The packages do carry an expiration date. I just had to check a couple of packages that got lost in the back of a cabinet. I'm going to bet the shelf life is well over a year. It's a well-packaged product, but you have no way of knowing how it was stored if it is in fact getting stale-dated.


----------



## lamiskool (Jul 1, 2011)

Oh thanks for sharing the link! Been wanting to get some shrimp souffle! I dont remember and ill check when I get home but yea for my community plus, I believe the expiration was definitely over a year.


----------



## tastyworms (Apr 2, 2014)

Just saw this post pop up in my alerts. We normally remove the clearance items that are already expired. Typically, the clearance section is products which will expire within 3 months time. We try to keep the titles updated with the expiration date you will receive, since these products are so close to expiry when listed. In this case, we've hit a bit of a snag and the items weren't removed on time. I will leave them up for a bit in case anyone wants to grab them.

Our warehouse is partially air conditioned, and the packages are a thick laminated foil, so a great moisture, air and light barrier. That being said, I know certain vitamins and minerals begin to lose their potency after a certain period of time. The expiration dates seem to be pretty standard on Repashy, I don't think they get modified on a per product basis. That being said, there is no guarantee as to the efficacy of expired product is and as such it is buyer beware.


----------



## wdgiles (Jul 2, 2013)

Thanks for letting us know, I've been looking at this on amazon and was waiting for more stock. Looks like you get the sale. Any recommended ones as the "better deal" than the rest?


----------



## Acro (Jul 7, 2012)

Hey Mr. Tastyworms! 
It's me 'Acro' from Kokos, trying to help get your name out. 

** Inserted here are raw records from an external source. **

lemma square_times_out_prod:
  assumes "distinct (a # m # bs)"
  shows "g a m * g a m * out_prod a bs = (-1) ^ length bs * lhs_sum (a # bs) +
    (\<Sum>l<length bs. (-1) ^ l * out_prod a (drop l bs) * lhs_sum (take (Suc l) bs))"
proof -
  define r where "r = length bs"
  define A where "A = g a m"
  define H where "H j t = (-1) ^ (j + t) * out_prod a (drop (j + t) bs) *
    (in_prod m (take (Suc t) (drop j bs)) * in_prod m (take (Suc j) bs))" for j t
  have "A * A * out_prod a bs = (\<Sum>j<r. A * ((-1) ^ j * out_prod a (drop j bs) * in_prod m (take (Suc j) bs)))
      + (-1) ^ r * (A * in_prod m bs * A)"
    using bracket_times_out_prod[OF assms] unfolding A_def r_def
    by (simp add: mult.assoc distrib_left sum_distrib_left mult_minus_one_power_left_commute)
  also have "\<dots> = (\<Sum>j<r. \<Sum>t<r - j. H j t) +
      (-1) ^ r * ((\<Sum>j<r. in_prod m (drop j bs) * A * in_prod m (take (Suc j) bs)) + A * in_prod m bs * A)"
    unfolding A_def r_def H_def using bracket_times_lhs_summand[OF assms]
    by (simp add: sum.distrib sum_distrib_left distrib_left)
  also have "(\<Sum>j<r. in_prod m (drop j bs) * A * in_prod m (take (Suc j) bs)) + A * in_prod m bs * A
      = lhs_sum (a # bs)"
    unfolding lhs_sum_cons A_def r_def by simp
  also have "(\<Sum>j<r. \<Sum>t<r - j. H j t) = (\<Sum>l<r. \<Sum>j\<le>l. H j (l - j))"
    by (rule sum_triangle_swap[symmetric])
  also have "\<dots> = (\<Sum>l<r. (-1) ^ l * out_prod a (drop l bs) * lhs_sum (take (Suc l) bs))"
    unfolding r_def H_def
    by (intro sum.cong refl) (simp add: lhs_sum_take sum_distrib_left mult.assoc)
  finally show ?thesis unfolding A_def r_def by (simp add: add.commute)
qed

lemma rhs_summand_cons:
  assumes "distinct (a # bs)" "j < length bs"
  shows "out_prod (bs ! j) (drop (Suc j) bs) * out_prod (bs ! j) (a # take j bs) =
    - (\<Sum>t<length bs - j. out_prod a (drop (j + t) bs) * out_prod (bs ! j) (take t (drop (Suc j) bs)))
      * out_prod (bs ! j) (take j bs)"
proof -
  define c us where "c = bs ! j" and "us = drop (Suc j) bs"
  have c_us: "c # us = drop j bs"
    unfolding c_def us_def using assms(2) by (simp add: Cons_nth_drop_Suc)
  have "distinct (a # c # us)"
    unfolding c_us using assms(1) by (auto dest: in_set_dropD simp: distinct_drop)
  moreover have "Suc (length us) = length bs - j" unfolding us_def using assms(2) by simp
  ultimately have "out_prod c (us @ [a]) =
      - (\<Sum>t<length bs - j. out_prod a (drop (j + t) bs) * out_prod c (take t us))"
    using out_prod_snoc[of a c us] by (simp add: c_us add.commute)
  moreover have "out_prod c us * out_prod c (a # take j bs) = out_prod c (us @ [a]) * out_prod c (take j bs)"
    by (simp add: mult.assoc)
  ultimately show ?thesis unfolding c_def[symmetric] us_def[symmetric] by simp
qed

lemma rhs_sum_cons:
  assumes "distinct (a # bs)"
  shows "rhs_sum (a # bs) = E a * out_prod a bs -
    (\<Sum>l<length bs. out_prod a (drop l bs) * rhs_sum (take (Suc l) bs))"
proof -
  define r where "r = length bs"
  define G where "G j t = E (bs ! j) * (out_prod a (drop (j + t) bs) *
    out_prod (bs ! j) (take t (drop (Suc j) bs)) * out_prod (bs ! j) (take j bs))" for j t
  have "rhs_sum (a # bs) = E a * out_prod a bs +
      (\<Sum>j<r. E (bs ! j) * out_prod (bs ! j) (drop (Suc j) bs) * out_prod (bs ! j) (a # take j bs))"
    unfolding rhs_sum_def r_def by (simp del: sum.lessThan_Suc add: sum.lessThan_Suc_shift)
  also have "\<dots> = E a * out_prod a bs - (\<Sum>j<r. \<Sum>t<r - j. G j t)"
    unfolding r_def G_def using rhs_summand_cons[OF assms]
    by (simp add: mult.assoc sum_distrib_left sum_distrib_right sum_negf)
  also have "(\<Sum>j<r. \<Sum>t<r - j. G j t) = (\<Sum>l<r. \<Sum>j\<le>l. G j (l - j))"
    by (rule sum_triangle_swap[symmetric])
  also have "\<dots> = (\<Sum>l<r. out_prod a (drop l bs) * rhs_sum (take (Suc l) bs))"
  proof (intro sum.cong refl)
    fix l assume "l \<in> {..<r}"
    then have "l < length bs" unfolding r_def by simp
    moreover have "a \<notin> set (drop l bs)" using assms by (auto dest: in_set_dropD)
    ultimately show "(\<Sum>j\<le>l. G j (l - j)) = out_prod a (drop l bs) * rhs_sum (take (Suc l) bs)"
      unfolding G_def rhs_sum_take[OF \<open>l < length bs\<close>] sum_distrib_left
      by (intro sum.cong refl) (simp add: E_commute_out_prod[OF \<open>a \<notin> set (drop l bs)\<close>, symmetric] flip: mult.assoc)
  qed
  finally show ?thesis unfolding r_def .
qed

lemma defect_cons:
  assumes "distinct (a # m # bs)"
  shows "defect (a # bs) = (g a m * g a m - E a) * out_prod a bs -
    (\<Sum>l<length bs. out_prod a (drop l bs) * defect (take (Suc l) bs))"
proof -
  define SL where "SL = (\<Sum>l<length bs. (-1) ^ l * out_prod a (drop l bs) * lhs_sum (take (Suc l) bs))"
  define SR where "SR = (\<Sum>l<length bs. out_prod a (drop l bs) * rhs_sum (take (Suc l) bs))"
  have "(\<Sum>l<length bs. out_prod a (drop l bs) * defect (take (Suc l) bs)) =
      (\<Sum>l<length bs. (-1) ^ l * out_prod a (drop l bs) * lhs_sum (take (Suc l) bs) -
        out_prod a (drop l bs) * rhs_sum (take (Suc l) bs))"
    by (intro sum.cong refl)
      (simp add: defect_def right_diff_distrib mult_minus_one_power_left_commute mult.assoc)
  also have "\<dots> = SL - SR"
    unfolding SL_def SR_def by (rule sum_subtractf)
  finally have defects: "(\<Sum>l<length bs. out_prod a (drop l bs) * defect (take (Suc l) bs)) = SL - SR" .
  have lhs: "(-1) ^ (length (a # bs) + 1) * lhs_sum (a # bs) = g a m * g a m * out_prod a bs - SL"
    using square_times_out_prod[OF assms] unfolding SL_def by simp
  have rhs: "rhs_sum (a # bs) = E a * out_prod a bs - SR"
    using rhs_sum_cons[of a bs] assms unfolding SR_def by simp
  have "defect (a # bs) = (g a m * g a m * out_prod a bs - SL) - (E a * out_prod a bs - SR)"
    by (simp only: defect_def lhs rhs)
  then show ?thesis unfolding defects by (simp add: algebra_simps)
qed

lemma defect_singleton: "defect [b] = g b m * g b m - E b"
  by (simp add: defect_def lhs_sum_def rhs_sum_def)

lemma defect_eq_0:
  assumes "2 \<le> length s" "distinct s" "m \<notin> set s"
  shows "defect s = 0"
  using assms
proof (induction "length s" arbitrary: s rule: less_induct)
  case less
  obtain a b cs where s: "s = a # b # cs"
    using less.prems(1) by (cases s; cases "tl s") auto
  have distinct: "distinct (a # m # b # cs)" using less.prems s by auto
  have "defect (b # take (Suc i) cs) = 0" if "i < length cs" for i
    using that less.prems s by (intro less.hyps) (auto dest: in_set_takeD)
  then have "(\<Sum>l<length (b # cs). out_prod a (drop l (b # cs)) * defect (take (Suc l) (b # cs)))
      = out_prod a (b # cs) * (g b m * g b m - E b)"
    by (simp del: sum.lessThan_Suc add: sum.lessThan_Suc_shift defect_singleton)
  moreover have "(g a m * g a m - E a) * g a b = g a b * (g b m * g b m - E b)"
    using distinct by (intro intertwine) auto
  moreover have "(g b m * g b m - E b) * out_prod a cs = out_prod a cs * (g b m * g b m - E b)"
  proof -
    have "g b m * out_prod a cs = out_prod a cs * g b m"
      using distinct by (intro bracket_commute_out_prod) auto
    moreover have "E b * out_prod a cs = out_prod a cs * E b"
      using distinct by (intro E_commute_out_prod) auto
    ultimately show ?thesis by (simp add: algebra_simps) (metis mult.assoc)
  qed
  ultimately show ?case
    unfolding s defect_cons[OF distinct] by (simp flip: mult.assoc) (simp add: mult.assoc)
qed

lemma lhs_sum_eq_rhs_sum:
  "2 \<le> length s \<Longrightarrow> distinct s \<Longrightarrow> m \<notin> set s \<Longrightarrow> (-1) ^ (length s + 1) * lhs_sum s = rhs_sum s"
  using defect_eq_0 unfolding defect_def by simp
section \<open>Configurations with few maximal boxes\<close>

lemma sorted_nth_eq_max:
  fixes s :: "nat list"
  assumes "sorted s" "\<forall>x\<in>set s. x \<le> W" "1 \<le> j" "j \<le> count_list s W"
  shows "s ! (length s - j) = W"
proof (rule ccontr)
  assume ne: "s ! (length s - j) \<noteq> W"
  have "j \<le> length s" using le_trans[OF assms(4) count_le_length] .
  hence idx: "length s - j < length s" using assms(3) by simp
  hence lt: "s ! (length s - j) < W" using ne assms(2) by (meson nth_mem order_le_neq_trans)
  have "positions s W \<subseteq> {length s - j + 1..<length s}"
  proof
    fix i assume i: "i \<in> positions s W"
    have "\<not> i \<le> length s - j"
    proof
      assume "i \<le> length s - j"
      hence "s ! i \<le> s ! (length s - j)" using assms(1) idx by (simp add: sorted_nth_mono)
      thus False using i lt unfolding positions_def by simp
    qed
    thus "i \<in> {length s - j + 1..<length s}" using i unfolding positions_def by auto
  qed
  hence "count_list s W \<le> card {length s - j + 1..<length s}"
    unfolding card_positions[symmetric] by (intro card_mono) auto
  thus False using assms(3,4) \<open>j \<le> length s\<close> by simp
qed

lemma ord_stat_eq_max:
  assumes "\<forall>x\<in>set y. x \<le> W" "1 \<le> j" "j \<le> count_list y W"
  shows "ord_stat y j = W"
proof -
  have "count_list (sort y) W = count_list y W"
    unfolding count_list_eq_length_filter using sort_key_stable[of "\<lambda>x. x" W y]
    by (metis (mono_tags) eq_commute filter_cong)
  hence "sort y ! (length y - j) = W"
    using sorted_nth_eq_max[of "sort y" W j] assms by simp
  moreover have "j \<le> length y" using le_trans[OF assms(3) count_le_length] .
  ultimately show ?thesis
    unfolding ord_stat_def using assms(2) by (simp add: rev_nth Suc_diff_le)
qed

The great thing with gel foods, is that you can always add in stuff like any vitamins and minerals, veggies, dried fish foods, etc. And ya can't beat 50% off!


----------



## lamiskool (Jul 1, 2011)

Acro said:


> Hey Mr. Tastyworms!
> It's me 'Acro' from Kokos, trying to help get your name out.
> 
> The great thing with gel foods, is that you can always add in stuff like any vitamins and minerals, veggies, dried fish foods, etc. And ya can't beat 50% off!


yep mine just came in the mail today  also if your afraid of it expiring what I do is make a ton of it and just stick the extra in the freezer and its good for a long long time


----------